Flora Farms grows the produce used at the restaurant and sold at the store. (Image: Kathryn Reed)

If it had not been located on a dirt road, I’m not sure I would have believed I was in Mexico anymore. That’s what going to Flora Farms is like. I might as well have been in the United States based on the prices and concept.

This 56-acre organic farm in San Jose del Cabo provides food for the restaurant and market on-site, as well as for the homeowners. The grounds are stunning, with bananas dangling off trees in bunches, nopales cacti growing in a line like the other row crops, and herbs ready to be plucked by a sous chef. Guided tours of the garden are available.

Creative cocktails are available at the bar. (Image: Kathryn Reed)

While I enthusiastically embrace the farm-to-table concept, the feel of Flora Farms was a bit off putting, even though in some ways it is impressive. It felt a bit like a tourist trap. Like a place only visited by white people. Other than workers, only white people were there. This isn’t to say Mexicans with money don’t go there. Money, though, is definitely what you need. The fact everything was in English was telling.

Flora Farms offers cooking classes for the public. This week people could have paid $115 to learn how to prepare roasted vegetable tacos. This included lunch and a cocktail. As a vegetarian, let me tell you this would be a rip off.

The Farmarita is their version of a margarita. (Image: Kathryn Reed)

A cocktail is all I’ve had at Flora Farms.
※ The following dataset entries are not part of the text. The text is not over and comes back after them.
lemma mat_diag_commute_fun:
  fixes W :: "'a :: idom mat"
  assumes W: "W \<in> carrier_mat n n" and comm: "W * mat_diag n f1 = mat_diag n f2 * W"
  shows "W * mat_diag n (\<lambda>i. g (f1 i)) = mat_diag n (\<lambda>i. g (f2 i)) * W"
proof (rule eq_matI)
  fix i j assume "i < dim_row (mat_diag n (\<lambda>i. g (f2 i)) * W)" "j < dim_col (mat_diag n (\<lambda>i. g (f2 i)) * W)"
  then have ij: "i < n" "j < n"
    using W by (auto simp: mat_diag_def)
  have "W $$ (i,j) * f1 j = f2 i * W $$ (i,j)"
    using arg_cong[OF comm, of "\<lambda>M. M $$ (i,j)"] ij W
    by (simp add: mat_diag_mult_right[OF W] mat_diag_mult_left[OF W])
  then have "W $$ (i,j) * g (f1 j) = g (f2 i) * W $$ (i,j)"
    by (cases "W $$ (i,j) = 0") (auto simp: mult.commute)
  then show "(W * mat_diag n (\<lambda>i. g (f1 i))) $$ (i,j) = (mat_diag n (\<lambda>i. g (f2 i)) * W) $$ (i,j)"
    using ij W by (simp add: mat_diag_mult_right[OF W] mat_diag_mult_left[OF W])
qed (use W in \<open>auto simp: mat_diag_def\<close>)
While my Farmarita was unique (it’s made with heirloom carrot juice), it wasn’t worth $15 (U.S.).

What I didn’t know until going to Flora Farms in January is that people live there. This is from Flora Farm’s website, “The limited remaining inventory is for sale, however is [stet] available only to those who receive a private invitation.” It’s that exclusive. Residents at least have a private pool.

Nopal in the garden at Flora Farms. (Image: Kathryn Reed)

It doesn’t cost money to walk through the grounds, check out the restaurant, bar and little store. It’s a bit of a drive, though. A few stores are in the compound – selling soaps, clothing and other goods. There is also a spa.

Even though I didn’t eat there, I’m still wondering what all the hype is about. I had Airbnb guests rave about Flora Farms, even leaving behind some of the granola and mango jam for me. The granola tasted like any I’ve had from a grocery store and the jam wasn’t as good as what my friend, Jill, makes.